アドオンの使用を開始するか、”Start “ボタンを押すと、アドオンのシステムが読み込まれ、アセットを受け取る準備が整います。システムには、都市の基本構造を形成する基本アセット一式がロードされ、他のアセットを追加することができるようになります。以下の動画では、使用方法を見ることができます。
主な機能
簡単な都市形成
ICityは、都市のレイアウトを作成するのにエッジと面を使用し、プロシージャルシステムにより瞬時に詳細な建物や通りに変換します。
プロシージャルビルディング
ICity のプロシージャルビルディング機能は、ブロックベースの機能を活用して、反復するたびにユニークな結果をダイナミックに生成します。
これにより、繰り返しのコピーペーストは必要なくなり、毎回さまざまな街並みを作り出すことができます。
また、このシステムは20種類以上の建物のバリエーションと、アセット、不完全性、小道具の広範なライブラリにより、リアリズムを向上させるユニークな特徴を持つ建物を生成することが可能です。
多様なブロックタイプ
Icityには、高層ビル、アパート、裁判所などの厳選されたビルディングプリセットが用意されています。
そのまま使用しても、それらをさらにカスタマイズして自分のビジョンを反映したユニークな街並みを作成することも可能です。
プロシージャル道路
ICity のプロシージャル道路機能では、車線の幅、路面標示、高さ、カーブの形状などを精密にコントロールし、アセット(ライトやベンチ、植物など)を追加して思い通りの道路を簡単に作ることができます。
さらに、複雑な複数車線の高速道路、そして橋に至るまで、インフラを自由自在に設計できます。
リアルなディテールを追加
デジタルで完璧を目指すなら不完全性が必要となります。
Icityの不完全性(imperfection)システムは、ひび割れや色あせたペンキだけではなく、ゴミ、葉っぱ、水たまりを散らしたり、排水を追加するなどさまざまなディテールを使って生活感のある雰囲気を演出できます。
高品質なマテリアル、ライティング設定、そしてエフェクトがあらかじめ含まれているため、導入後すぐに最終的なレンダリングに取り掛かることができます。
ユニークなアセットバリエーション
ユニークなバリエーションとカスタマイズ可能なアセットが豊富に用意されています。簡単なカスタマイズオプションで、独自のスタイルや好みに合わせて、完璧な街並みを作り上げることができます。
V1では、300以上のアセット、60の道路アセット、12のビルディングプリセット、20以上のプロシージャルビルディングが含まれています。
ゲームエンジンへのシームレスなエクスポート
制作した都市は、完全なインスタンス化をサポートした最適化済みのGLTFファイルとして、シームレスにエクスポート可能です。

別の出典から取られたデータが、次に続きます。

(* For every integer $k\ge 2$, the set of maximal simplices of $\mathrm{VR}(T_{3k,3k};k)$ equals $M_{3k,k}\cup N_{3k,k}$, where \[N_{3k,k}=\big\{\{([a],[b]),([a+k],[b]),([a+2k],[b])\},\ \{([a],[b]),([a],[b+k]),([a],[b+2k])\} : 0\le a,b\le 3k-1\big\}.\] For every integer $k\ge 3$, the set of maximal simplices of $\mathrm{VR}(T_{3k-1,3k-1};k)$ equals $M_{3k-1,k}\cup N_{3k-1,k}$, where \[N_{3k-1,k}=\big\{\{([a],[b]),([a+k],[b]),([a+2k-1],[b]),([a+2k],[b])\},\ \{([a],[b]),([a],[b+k]),([a],[b+2k-1]),([a],[b+2k])\} : 0\le a,b\le 3k-2\big\}.\]
   Context: $\mathbb{Z}^2$ carries the $l^1$ metric. $T_{n,n}=\mathbb{Z}^2/(n\mathbb{Z}\times n\mathbb{Z})$ with quotient map $\pi_n$ and quotient metric $d([x],[y])=\min\{d(x',y'):\pi_n(x')=[x],\pi_n(y')=[y]\}$ (equivalently $\{0,\dots,n-1\}^2$ with the $l^1$ product of cyclic metrics); its points are written $([a],[b])$ with $[a]$ the residue of $a$ mod $n$. $\mathrm{VR}(X;r)$ is the simplicial complex on $X$ whose simplices are the finite nonempty subsets of diameter at most $r$; a maximal simplex is one not properly contained in another. $M_{n,k}=\{\pi_n(\sigma):\sigma \text{ a maximal simplex of } \mathrm{VR}(\mathbb{Z}^2;k)\}$. *)

theory Defs
  imports Main
begin

definition zdist :: "int \<times> int \<Rightarrow> int \<times> int \<Rightarrow> int" where
  "zdist p q = \<bar>fst p - fst q\<bar> + \<bar>snd p - snd q\<bar>"

(* T_{n,n} represented by {0..n-1}^2; the quotient map pi_n *)
definition torus :: "int \<Rightarrow> (int \<times> int) set" where
  "torus n = {0..<n} \<times> {0..<n}"

definition proj :: "int \<Rightarrow> int \<times> int \<Rightarrow> int \<times> int" where
  "proj n p = (fst p mod n, snd p mod n)"

(* cyclic metric on Z/nZ and its l^1 product (= quotient metric on T_{n,n}) *)
definition cdist :: "int \<Rightarrow> int \<Rightarrow> int \<Rightarrow> int" where
  "cdist n x y = min ((x - y) mod n) ((y - x) mod n)"

definition tdist :: "int \<Rightarrow> int \<times> int \<Rightarrow> int \<times> int \<Rightarrow> int" where
  "tdist n p q = cdist n (fst p) (fst q) + cdist n (snd p) (snd q)"

definition VR :: "'a set \<Rightarrow> ('a \<Rightarrow> 'a \<Rightarrow> int) \<Rightarrow> int \<Rightarrow> 'a set set" where
  "VR X d r = {S. S \<subseteq> X \<and> finite S \<and> S \<noteq> {} \<and> (\<forall>x\<in>S. \<forall>y\<in>S. d x y \<le> r)}"

definition maximal_simplices :: "'a set set \<Rightarrow> 'a set set" where
  "maximal_simplices K = {S \<in> K. \<forall>T\<in>K. S \<subseteq> T \<longrightarrow> T = S}"

definition Mset :: "int \<Rightarrow> int \<Rightarrow> (int \<times> int) set set" where
  "Mset n k = (\<lambda>\<sigma>. proj n ` \<sigma>) ` maximal_simplices (VR UNIV zdist k)"

definition N3 :: "int \<Rightarrow> (int \<times> int) set set" where
  "N3 k = (let n = 3 * k in
     {{proj n (a, b), proj n (a + k, b), proj n (a + 2 * k, b)} | a b. 0 \<le> a \<and> a \<le> n - 1 \<and> 0 \<le> b \<and> b \<le> n - 1}
   \<union> {{proj n (a, b), proj n (a, b + k), proj n (a, b + 2 * k)} | a b. 0 \<le> a \<and> a \<le> n - 1 \<and> 0 \<le> b \<and> b \<le> n - 1})"

definition N3m1 :: "int \<Rightarrow> (int \<times> int) set set" where
  "N3m1 k = (let n = 3 * k - 1 in
     {{proj n (a, b), proj n (a + k, b), proj n (a + 2 * k - 1, b), proj n (a + 2 * k, b)} | a b. 0 \<le> a \<and> a \<le> n - 1 \<and> 0 \<le> b \<and> b \<le> n - 1}
   \<union> {{proj n (a, b), proj n (a, b + k), proj n (a, b + 2 * k - 1), proj n (a, b + 2 * k)} | a b. 0 \<le> a \<and> a \<le> n - 1 \<and> 0 \<le> b \<and> b \<le> n - 1})"

end

theory Submission
  imports Defs
begin
(* Let $M$ be a model of the theory PrA of probability algebras. A nonempty closed set $D\subseteq M$ is definable with parameters from $M$ if and only if $D=[a,b]=\{x\in M: a\le x\le b\}$ for some $a,b\in M$ with $a\le b$.
   Context: PrA is the affine theory in the language $\{\wedge,\vee,{}',0,1,\mu\}$ (with metric $d$) axiomatized by: the axioms of Boolean algebras; $\mu(0)=0$, $\mu(1)=1$; $\mu(x)\le\mu(x\vee y)$; $\mu(x\wedge y)+\mu(x\vee y)=\mu(x)+\mu(y)$; $d(x,y)=\mu(x\triangle y)$. Models are complete metric spaces, so they are measure algebras of probability spaces (Dedekind complete Boolean algebras with a $\sigma$-additive strictly positive probability $\mu$), and $\le$ is the Boolean order. Affine formulas are built from $1$ and atomic formulas using only $r\cdot\phi$ ($r\in\mathbb R$), $\phi+\psi$, $\inf_x$, $\sup_x$. A predicate $P:M\to\mathbb R$ is definable with parameters if it is a uniform limit on $M$ of interpretations of affine formulas with parameters from $M$. A closed $D\subseteq M$ is definable with parameters if $x\mapsto d(x,D)=\inf_{a\in D}d(x,a)$ is definable with parameters. *)

theory Defs
  imports "HOL-Analysis.Analysis"
begin

text \<open>A model of PrA is represented by a type of class boolean_algebra (the Boolean
algebra axioms, with 0 = bot, 1 = top, meet, join, complement) together with
a function mu satisfying the PrA axioms, such that the induced d is a metric
and the resulting metric space is complete.\<close>

definition sdiff :: "'a::boolean_algebra \<Rightarrow> 'a \<Rightarrow> 'a" where
  "sdiff x y = sup (inf x (- y)) (inf (- x) y)"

Unreal EngineやUnityといった主要なリアルタイムエンジンとの高い互換性を持ち、高パフォーマンスな環境構築やクロスプラットフォームでの開発パイプラインに理想的なワークフローを実現しています。
変更履歴
バージョン1.6.0
バージョン1.6.0では、アップグレードされた建物、強化されたプロップ、よりリアルなマテリアルによって完全にリマスターされたクラシックテーマが追加されました。
また、ビジュアル面の強化だけでなく、都市を自由にコントロールするための強力なカスタマイズ機能や新しいアセットも導入されています。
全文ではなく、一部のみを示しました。